Australia could support Fiji’s Blackrock Peacekeeping and Humanitarian Assistance and Disaster Relief Camp to host simulated regional disaster exercises. With the consensus of Pacific Islands countries, all relevant humanitarian, military, and police actors could participate ­– trilateral co-operation between Australia, the United States and China is not impossible. A working group could procure resources that meet the unique requirements of Pacific Islands countries and develop coordination guidelines, and such dialogue could rebuild cohesion. Enhanced HADR can accommodate the proposed China-Pacific agreement on disaster management. If the proposal isn’t implemented, Australia could empower the first, Pacific-led coordination centre for HADR.

In HADR, there is an important opportunity for Australia to demonstrate a new commitment to a Pacific-first strategy.
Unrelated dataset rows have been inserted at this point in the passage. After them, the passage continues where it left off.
(* Let $a,b\ge1$ be integers with $|a-b|\le4$ and let $n=a+b+2$. Then $\operatorname{diam}(\mathcal{C}_3(S(a,b)))=\lfloor 3n/2\rfloor$.
   Context: The double star $S(a,b)$ is the tree obtained by joining the centers of the stars $K_{1,a}$ and $K_{1,b}$ by an edge; it has $a+b+2$ vertices. A proper 3-coloring of a tree $T=(V,E)$ is a map $f\colon V\to\mathbb{Z}/3\mathbb{Z}$ with $f(u)\neq f(v)$ for every edge $uv\in E$. The 3-coloring graph $\mathcal{C}_3(T)$ has the proper 3-colorings as vertices, two colorings adjacent iff they differ at exactly one vertex; $\operatorname{diam}$ denotes graph diameter. *)

theory Defs
  imports Main "HOL-Library.Extended_Nat"
begin

text \<open>A graph is given by a vertex set V and an edge predicate E (on V).
  Proper 3-colourings are maps V \<rightarrow> {0,1,2}; to make them unique as HOL functions
  we require them to be 0 outside V.\<close>

definition proper_3col :: "'v set \<Rightarrow> ('v \<Rightarrow> 'v \<Rightarrow> bool) \<Rightarrow> ('v \<Rightarrow> nat) \<Rightarrow> bool" where
  "proper_3col V E f \<longleftrightarrow>
     (\<forall>v\<in>V. f v < 3) \<and> (\<forall>v. v \<notin> V \<longrightarrow> f v = 0) \<and>
     (\<forall>u\<in>V. \<forall>v\<in>V. E u v \<longrightarrow> f u \<noteq> f v)"

definition col_adj :: "'v set \<Rightarrow> ('v \<Rightarrow> 'v \<Rightarrow> bool) \<Rightarrow> ('v \<Rightarrow> nat) \<Rightarrow> ('v \<Rightarrow> nat) \<Rightarrow> bool" where
  "col_adj V E f g \<longleftrightarrow> proper_3col V E f \<and> proper_3col V E g \<and>
     card {v\<in>V. f v \<noteq> g v} = 1"

definition col_walk :: "'v set \<Rightarrow> ('v \<Rightarrow> 'v \<Rightarrow> bool) \<Rightarrow> ('v \<Rightarrow> nat) list \<Rightarrow> bool" where
  "col_walk V E ps \<longleftrightarrow> ps \<noteq> [] \<and> (\<forall>i. Suc i < length ps \<longrightarrow> col_adj V E (ps ! i) (ps ! Suc i))
      \<and> (\<forall>p\<in>set ps. proper_3col V E p)"

text \<open>Graph distance in the 3-colouring graph (\<infinity> if not connected).\<close>
definition col_dist :: "'v set \<Rightarrow> ('v \<Rightarrow> 'v \<Rightarrow> bool) \<Rightarrow> ('v \<Rightarrow> nat) \<Rightarrow> ('v \<Rightarrow> nat) \<Rightarrow> enat" where
  "col_dist V E f g = (INF ps \<in> {ps. col_walk V E ps \<and> hd ps = f \<and> last ps = g}.
                          enat (length ps - 1))"

definition col_diam :: "'v set \<Rightarrow> ('v \<Rightarrow> 'v \<Rightarrow> bool) \<Rightarrow> enat" where
  "col_diam V E = (SUP p \<in> {(f, g). proper_3col V E f \<and> proper_3col V E g}.
                      col_dist V E (fst p) (snd p))"

text \<open>Double star S(a,b) on vertices {0,...,a+b+1}: centres 0 and 1 joined by an edge;
  leaves 2..a+1 attached to 0, leaves a+2..a+b+1 attached to 1.\<close>
definition dstar_V :: "nat \<Rightarrow> nat \<Rightarrow> nat set" where
  "dstar_V a b = {0..a+b+1}"

definition dstar_E0 :: "nat \<Rightarrow> nat \<Rightarrow> nat \<Rightarrow> nat \<Rightarrow> bool" where
  "dstar_E0 a b u v \<longleftrightarrow> (u = 0 \<and> v = 1) \<or> (u = 0 \<and> 2 \<le> v \<and> v \<le> a + 1)
      \<or> (u = 1 \<and> a + 2 \<le> v \<and> v \<le> a + b + 1)"

definition dstar_E :: "nat \<Rightarrow> nat \<Rightarrow> nat \<Rightarrow> nat \<Rightarrow> bool" where
  "dstar_E a b u v \<longleftrightarrow> dstar_E0 a b u v \<or> dstar_E0 a b v u"

end

theory Submission
  imports Defs
begin

(* The six proper colourings of the centre edge form a hexagon whose neighbours differ at one
   centre, and a recolouring sequence moves the centre pair along a walk in it. Along a given
   route of the centre pair, a leaf has to be recoloured whenever its centre is about to take the
   leaf's colour, and possibly once more at the end; doing exactly these recolourings realises the
   route cost, which is therefore an upper bound for the distance. Conversely, the cost of the
   cheaper of the two arcs from the current centre pair to the target one decreases by at most
   one per recolouring and vanishes at the target, so it is a lower bound.
   For centre pairs at hexagon distance 2 or 3 the two arcs cost at most 6 + 3(a + b) together;
   for adjacent centre pairs the direct move costs at most 1 + 2a + b or 1 + a + 2b, which is
   where |a - b| <= 4 enters. In the extremal pair, about half of the leaves move twice along
   either arc. *)

section \<open>Walks in the colouring graph\<close>

lemma col_walk_Cons:
  "col_walk V E (h # ps) \<longleftrightarrow>
     (if ps = [] then proper_3col V E h else col_adj V E h (hd ps) \<and> col_walk V E ps)"
proof (cases ps)
  case (Cons x qs)
  have "(\<forall>i. Suc i < length (h # ps) \<longrightarrow> col_adj V E ((h # ps) ! i) ((h # ps) ! Suc i)) \<longleftrightarrow>
        col_adj V E h x \<and> (\<forall>i. Suc i < length ps \<longrightarrow> col_adj V E (ps ! i) (ps ! Suc i))"
    using Cons by (auto simp: less_Suc_eq_0_disj)
  then show ?thesis
    using Cons by (auto simp: col_walk_def col_adj_def)
qed (simp add: col_walk_def)

definition col_reach :: "'v set \<Rightarrow> ('v \<Rightarrow> 'v \<Rightarrow> bool) \<Rightarrow> ('v \<Rightarrow> nat) \<Rightarrow> ('v \<Rightarrow> nat) \<Rightarrow> nat \<Rightarrow> bool" where
  "col_reach V E h h' k \<longleftrightarrow> (\<exists>ps. col_walk V E ps \<and> hd ps = h \<and> last ps = h' \<and> length ps = Suc k)"

lemma col_reach_0: "proper_3col V E h \<Longrightarrow> col_reach V E h h 0"
  unfolding col_reach_def by (intro exI[of _ "[h]"]) (simp add: col_walk_Cons)

lemma col_reach_0_eq: "col_reach V E h h' 0 \<Longrightarrow> h' = h"
  unfolding col_reach_def by (auto simp: length_Suc_conv)

lemma col_reach_Suc_iff:
  "col_reach V E h h' (Suc k) \<longleftrightarrow> (\<exists>x. col_adj V E h x \<and> col_reach V E x h' k)"
proof
  assume "col_reach V E h h' (Suc k)"
  then obtain x ps where "col_walk V E (h # x # ps)" "last (x # ps) = h'" "length ps = k"
    unfolding col_reach_def by (auto simp: length_Suc_conv)
  then show "\<exists>x. col_adj V E h x \<and> col_reach V E x h' k"
    unfolding col_reach_def by (intro exI[of _ x] conjI exI[of _ "x # ps"]) (auto simp: col_walk_Cons)
next
  assume "\<exists>x. col_adj V E h x \<and> col_reach V E x h' k"
  then obtain ps where "col_adj V E h (hd ps)" "col_walk V E ps" "last ps = h'" "length ps = Suc k"
    unfolding col_reach_def by blast
  then show "col_reach V E h h' (Suc k)"
    unfolding col_reach_def by (intro exI[of _ "h # ps"]) (auto simp: col_walk_Cons)
qed

lemma col_reach_trans:
  "col_reach V E h1 h2 k \<Longrightarrow> col_reach V E h2 h3 l \<Longrightarrow> col_reach V E h1 h3 (k + l)"
  by (induction k arbitrary: h1) (auto simp: col_reach_Suc_iff dest: col_reach_0_eq)

lemma col_dist_le_reach: "col_reach V E h h' k \<Longrightarrow> col_dist V E h h' \<le> enat k"
  unfolding col_reach_def col_dist_def by (auto intro!: INF_lower2)

lemma col_adj_fun_upd:
  assumes "proper_3col V E h" "proper_3col V E (h(v := x))" "v \<in> V" "h v \<noteq> x"
  shows "col_adj V E h (h(v := x))"
proof -
  have "{u \<in> V. h u \<noteq> (h(v := x)) u} = {v}"
    using assms(3,4) by auto
  then show ?thesis
    using assms(1,2) by (simp add: col_adj_def)
qed

lemma proper_3col_diff_subset:
  "proper_3col V E h \<Longrightarrow> proper_3col V E h' \<Longrightarrow> {v. h v \<noteq> h' v} \<subseteq> V"
  unfolding proper_3col_def by (metis (mono_tags) mem_Collect_eq subsetI)

lemma proper_3col_fun_upd_independent_diff:
  assumes h: "proper_3col V E h" and h': "proper_3col V E h'"
    and indep: "\<And>u w. h u \<noteq> h' u \<Longrightarrow> h w \<noteq> h' w \<Longrightarrow> \<not> E u w"
  shows "proper_3col V E (h(v := h' v))"
  unfolding proper_3col_def
proof (intro conjI ballI allI impI)
  fix u assume "u \<in> V"
  then show "(h(v := h' v)) u < 3"
    using h h' by (auto simp: proper_3col_def)
next
  fix u assume "u \<notin> V"
  then show "(h(v := h' v)) u = 0"
    using h h' by (auto simp: proper_3col_def)
next
  fix u w assume uw: "u \<in> V" "w \<in> V" "E u w"
  then have "h u \<noteq> h w" "h' u \<noteq> h' w" "h u = h' u \<or> h w = h' w"
    using h h' indep by (auto simp: proper_3col_def)
  then show "(h(v := h' v)) u \<noteq> (h(v := h' v)) w"
    by auto
qed

lemma col_reach_independent_diff:
  assumes "finite V" "proper_3col V E h" "proper_3col V E h'"
    and "\<And>u v. h u \<noteq> h' u \<Longrightarrow> h v \<noteq> h' v \<Longrightarrow> \<not> E u v"
  shows "col_reach V E h h' (card {v. h v \<noteq> h' v})"
  using assms(2,4)
proof (induction "card {v. h v \<noteq> h' v}" arbitrary: h)
  case 0
  have "{v. h v \<noteq> h' v} \<subseteq> V"
    using "0.prems"(1) assms(3) by (rule proper_3col_diff_subset)
  then have "h = h'"
    using "0.hyps" finite_subset[OF _ assms(1)] by auto
  then show ?case
    using "0.hyps" col_reach_0[OF assms(3)] by simp
next
  case (Suc k)
  have diff: "{v. h v \<noteq> h' v} \<subseteq> V"
    using Suc.prems(1) assms(3) by (rule proper_3col_diff_subset)
  obtain v where v: "h v \<noteq> h' v"
    using Suc.hyps(2) by (metis (mono_tags) Collect_empty_eq card.empty nat.distinct(1))
  define h2 where "h2 = h(v := h' v)"
  have h2: "proper_3col V E h2"
    unfolding h2_def using Suc.prems(1) assms(3) Suc.prems(2) by (rule proper_3col_fun_upd_independent_diff)
  then have "col_adj V E h h2"
    unfolding h2_def using diff v Suc.prems(1) by (intro col_adj_fun_upd) auto
  moreover have "col_reach V E h2 h' k"
  proof -
    have "{u. h2 u \<noteq> h' u} = {u. h u \<noteq> h' u} - {v}"
      by (auto simp: h2_def)
    then have "card {u. h2 u \<noteq> h' u} = k"
      using Suc.hyps(2) finite_subset[OF diff assms(1)] v by simp
    moreover have "\<not> E u w" if "h2 u \<noteq> h' u" "h2 w \<noteq> h' w" for u w
      using that Suc.prems(2) by (auto simp: h2_def split: if_splits)
    ultimately show ?thesis
      using Suc.hyps(1)[of h2] h2 by simp
  qed
  ultimately show ?case
    using Suc.hyps(2) col_reach_Suc_iff by metis
qed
Current Pacific-led initiatives, such as the Melanesian Spearhead Group proposal for a Humanitarian and Emergency Response Coordination Centre, remain unrealised. Opportunities for locally-led disaster response are also side-lined. Australia instead pursues regional HADR initiatives through the South Pacific Defence Ministers Meeting that includes few Pacific Islands countries as partners.

The Albanese government must avoid making a damaging impression that Australia’s HADR initiatives are largely motivated by the concern to mitigate foreign influence – as former prime minister Scott Morrison did with suggestions that Australia’s Covid-19 vaccine diplomacy blocked “incursion into our region”. Instead, the government should demonstrate understanding that Pacific Islands countries value many relationships, even more when partners voluntarily co-operate to benefit the region, as in HADR.

In a promising sign, Wong has been quick to recognise that “our security and prosperity is truly a thing we achieve together, or not at all”. Australia needs to resolve listen to Pacific Islands countries, respect and support those that do reach agreements with China, offer compelling alternatives for others, while delivering programs that set Australia apart. These steps build trust and solidarity. HADR provides this pathway. With careful diplomacy, Australia and Pacific Islands countries can absolutely gain.